Sadly, Stephen Jay Gould did not enjoy the longevity of Maynard Smith or Mayr, dying at age sixty in 2002. When his introduction graced my book the year before his death, I had no idea that he would leave us so soon. I was honored then, and I’m even more honored now that now that Evolution: The Triumph of an Idea remains associated with him. Gould achieved greatness both as a scientist and as a writer. He pressed biologists to think about evolution in new ways, whether they were looking at the fossil record or at embryos. And few writers of the past one hundred fifty years could compete with him in bringing the glory of evolutionary biology to the public at large. It is to these three great scientists—and to future evolutionary biologists—that I rededicate this book.

INTRODUCTION

A famous legend (perhaps even true) from the early days of Darwinism provides a good organizing theme for understanding the centrality and importance of evolution both in science and for human life in general. A prominent English lady, the wife of a lord or a bishop (yes, they may marry in the Church of England), exclaimed to her husband when she grasped the scary novelty of evolution: “Oh my dear, let us hope that what Mr. Darwin says is not true. But if it is true, let us hope that it will not become generally known!”

Scientists invoke this familiar story to laugh at the recalcitrant stodginess of old belief and breeding—especially the risible image of the upper classes keeping a revolutionary fact of nature in the Pandora’s box of their own private learning.
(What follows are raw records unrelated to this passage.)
(* Let $P^0,P^1\in\Delta^{n-1}_+$ with $P^0\succ_{P^*}P^1$. Then $P^1\in P^0+\mathbf{Q}(P^0,P^* )$.
   Context: Fix $n\ge 2$ and a positive equilibrium distribution $P^*=(p^*_i)$, $p^*_i>0$, $\sum_i p^*_i=1$. Let $\Delta^{n-1}_+=\{P\in\mathbb{R}^n: p_i>0,\ \sum_i p_i=1\}$. A Markov chain with equilibrium $P^*$ is given by rate constants $q_{ij}\ge 0$ ($i\neq j$) satisfying $\sum_{j\ne i}q_{ij}p^*_j=\bigl(\sum_{j\ne i}q_{ji}\bigr)p^*_i$ for all $i$, with Kolmogorov equation $\frac{dp_i}{dt}=\sum_{j\ne i}(q_{ij}p_j-q_{ji}p_i)$. $P^0\succ^0_{P^*}P^1$ if for some such chain the solution with $P(0)=P^0$ has $P(1)=P^1$; the Markov order $\succ_{P^*}$ is the closed transitive closure of $\succ^0_{P^*}$. For $i\neq j$ let $\gamma^{ji}$ be the vector with $\gamma^{ji}_j=-1$, $\gamma^{ji}_i=1$, other coordinates $0$; ${\rm cone}$ denotes non-negative linear combinations; ${\rm sign}$ is the three-valued sign function; $\mathbf{Q}(P,P^* )={\rm cone}\{\gamma^{ji}\,{\rm sign}(\tfrac{p_j}{p^*_j}-\tfrac{p_i}{p^*_i}) : 1\le j<i\le n\}$. *)

theory Defs
  imports "HOL-Analysis.Analysis"
begin

text \<open>Distributions are vectors indexed by a finite linearly ordered type 'n
  (the index set {1..n}, n = CARD('n)).\<close>

definition pos_simplex :: "(real^'n) set" where
  "pos_simplex = {P. (\<forall>i. P $ i > 0) \<and> (\<Sum>i\<in>UNIV. P $ i) = 1}"
theorem lemma3p2:
  fixes f :: "real^'n \<Rightarrow> real" and g :: "real^'n \<Rightarrow> real^'n"
    and A :: "real^'n^'m" and b :: "real^'m"
    and t :: "nat \<Rightarrow> real" and \<rho> \<eta> \<gamma> \<delta> \<beta> :: real
    and x :: "nat \<Rightarrow> real^'n" and lam :: "nat \<Rightarrow> real^'m"
    and xs :: "real^'n" and ls :: "real^'m"
  assumes f_convex: "convex_on UNIV f"
    and f_grad: "\<And>y. GDERIV f y :> g y"
    and g_cont: "continuous_on UNIV g"
    and t_mono: "\<And>k. k \<ge> 1 \<Longrightarrow> t k \<le> t (Suc k)"
    and t1: "t 1 = 1"
    and t_gt: "\<And>k. k > 2 \<Longrightarrow> t k > 1"
    and t_lim: "filterlim t at_top sequentially"
    and t_rate: "\<And>k. k \<ge> 1 \<Longrightarrow> (t (Suc k))\<^sup>2 - (t k)\<^sup>2 \<le> \<rho> * t (Suc k)"
    and rho: "0 < \<rho>" "\<rho> \<le> 1"
    and eta: "\<rho> \<le> \<eta>" "\<eta> \<le> 1"
    and gamma: "\<gamma> > 0" and delta: "\<delta> > 0" and beta: "\<beta> \<ge> 0"
    and x0: "x 0 = x 1" and lam0: "lam 0 = lam 1"
    and step: "(\<forall>k\<ge>1. \<forall>y.
                 phiI f A b \<beta> \<gamma> \<delta>
                   (x k + ((t k - 1) / t (Suc k)) *\<^sub>R (x k - x (k - 1)))
                   ((t (Suc k) / \<eta>) *\<^sub>R (lam k + ((t k - 1) / t (Suc k)) *\<^sub>R (lam k - lam (k - 1)))
                     - ((t (Suc k) - \<eta>) / \<eta>) *\<^sub>R lam k)
                   (t (Suc k) / \<eta>)
                   (((t (Suc k) - \<eta>) / \<eta>) *\<^sub>R (A *v x k) + b)
                   (x (Suc k))
                 \<le> phiI f A b \<beta> \<gamma> \<delta>
                   (x k + ((t k - 1) / t (Suc k)) *\<^sub>R (x k - x (k - 1)))
                   ((t (Suc k) / \<eta>) *\<^sub>R (lam k + ((t k - 1) / t (Suc k)) *\<^sub>R (lam k - lam (k - 1)))
                     - ((t (Suc k) - \<eta>) / \<eta>) *\<^sub>R lam k)
                   (t (Suc k) / \<eta>)
                   (((t (Suc k) - \<eta>) / \<eta>) *\<^sub>R (A *v x k) + b)
                   y)
             \<or> (\<exists>L>0. (\<forall>y z. norm (g y - g z) \<le> L * norm (y - z)) \<and> \<gamma> \<le> 1 / L \<and>
                 (\<forall>k\<ge>1. \<forall>y.
                 phiII g A b \<beta> \<gamma> \<delta>
                   (x k + ((t k - 1) / t (Suc k)) *\<^sub>R (x k - x (k - 1)))
                   ((t (Suc k) / \<eta>) *\<^sub>R (lam k + ((t k - 1) / t (Suc k)) *\<^sub>R (lam k - lam (k - 1)))
                     - ((t (Suc k) - \<eta>) / \<eta>) *\<^sub>R lam k)
                   (t (Suc k) / \<eta>)
                   (((t (Suc k) - \<eta>) / \<eta>) *\<^sub>R (A *v x k) + b)
                   (x (Suc k))
                 \<le> phiII g A b \<beta> \<gamma> \<delta>
                   (x k + ((t k - 1) / t (Suc k)) *\<^sub>R (x k - x (k - 1)))
                   ((t (Suc k) / \<eta>) *\<^sub>R (lam k + ((t k - 1) / t (Suc k)) *\<^sub>R (lam k - lam (k - 1)))
                     - ((t (Suc k) - \<eta>) / \<eta>) *\<^sub>R lam k)
                   (t (Suc k) / \<eta>)
                   (((t (Suc k) - \<eta>) / \<eta>) *\<^sub>R (A *v x k) + b)
                   y))"
    and lam_step: "\<And>k. k \<ge> 1 \<Longrightarrow>
       lam (Suc k) = (lam k + ((t k - 1) / t (Suc k)) *\<^sub>R (lam k - lam (k - 1)))
         + \<delta> *\<^sub>R ((t (Suc k) / \<eta>) *\<^sub>R (A *v x (Suc k))
                    - (((t (Suc k) - \<eta>) / \<eta>) *\<^sub>R (A *v x k) + b))"
    and kkt: "(xs, ls) \<in> KKT g A b"
  shows "\<forall>k\<ge>1.
    (let H = (\<lambda>j. aug_lag f A b \<beta> (x j) ls - aug_lag f A b \<beta> xs ls);
         B = (\<lambda>j. 1 / 2 * Mnorm2 \<gamma> \<delta>
                    (\<eta> *\<^sub>R (x j - xs) + (t j - 1) *\<^sub>R (x j - x (j - 1)))
                    (\<eta> *\<^sub>R (lam j - ls) + (t j - 1) *\<^sub>R (lam j - lam (j - 1)))
                  + \<eta> * (1 - \<eta>) / 2 * Mnorm2 \<gamma> \<delta> (x j - xs) (lam j - ls));
         E = (\<lambda>j. (t j)\<^sup>2 * H j + B j)
     in E (Suc k) - E k \<le> (\<rho> - \<eta>) * t (Suc k) * H k
          - (1 - \<eta>) * (t (Suc k) - 1 / 2) * Mnorm2 \<gamma> \<delta> (x (Suc k) - x k) (lam (Suc k) - lam k))"
proof (intro allI impI, goal_cases)
  case (1 k)
  have t_ge_1: "t j \<ge> 1" if "j \<ge> 1" for j
    using that by (induction j rule: dec_induct) (use t1 t_mono in \<open>auto intro: order_trans\<close>)
  have "\<eta> > 0"
    using rho eta by linarith
  have "t (Suc k) \<ge> \<eta>"
    using t_ge_1[of "Suc k"] eta by linarith
  define xb lb c p r
    where "xb = x k + ((t k - 1) / t (Suc k)) *\<^sub>R (x k - x (k - 1))"
      and "lb = lam k + ((t k - 1) / t (Suc k)) *\<^sub>R (lam k - lam (k - 1))"
      and "c = t (Suc k) / \<eta>"
      and "p = c *\<^sub>R lb - ((t (Suc k) - \<eta>) / \<eta>) *\<^sub>R lam k"
      and "r = ((t (Suc k) - \<eta>) / \<eta>) *\<^sub>R (A *v x k) + b"
  have "(\<forall>y. phiI f A b \<beta> \<gamma> \<delta> xb p c r (x (Suc k)) \<le> phiI f A b \<beta> \<gamma> \<delta> xb p c r y)
      \<or> (\<exists>L>0. (\<forall>y z. norm (g y - g z) \<le> L * norm (y - z)) \<and> \<gamma> \<le> 1 / L
            \<and> (\<forall>y. phiII g A b \<beta> \<gamma> \<delta> xb p c r (x (Suc k)) \<le> phiII g A b \<beta> \<gamma> \<delta> xb p c r y))"
    using step \<open>k \<ge> 1\<close> unfolding xb_def lb_def c_def p_def r_def by blast
  moreover have "lam (Suc k) = lb + \<delta> *\<^sub>R (c *\<^sub>R (A *v x (Suc k)) - r)"
    using lam_step[OF \<open>k \<ge> 1\<close>] by (simp add: lb_def c_def r_def)
  ultimately show ?case
    using energy_one_step[OF f_convex f_grad gamma delta beta \<open>\<eta> > 0\<close> \<open>t (Suc k) \<ge> \<eta>\<close>
        t_rate[OF \<open>k \<ge> 1\<close>] _ _ xb_def lb_def c_def p_def r_def kkt]
    unfolding Let_def Mnorm2_momentum_energy by simp
qed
Thus, the lady of this anecdote enters history as a quintessential patrician fool. Let me suggest, however, if only to organize the outline of this introduction, that we reconceptualize her as a prophet. For what Mr. Darwin said is clearly true, and it has also not become generally known (or, at least in the United States, albeit uniquely in the Western world, even generally acknowledged). We need to understand the reasons for this exceedingly curious situation.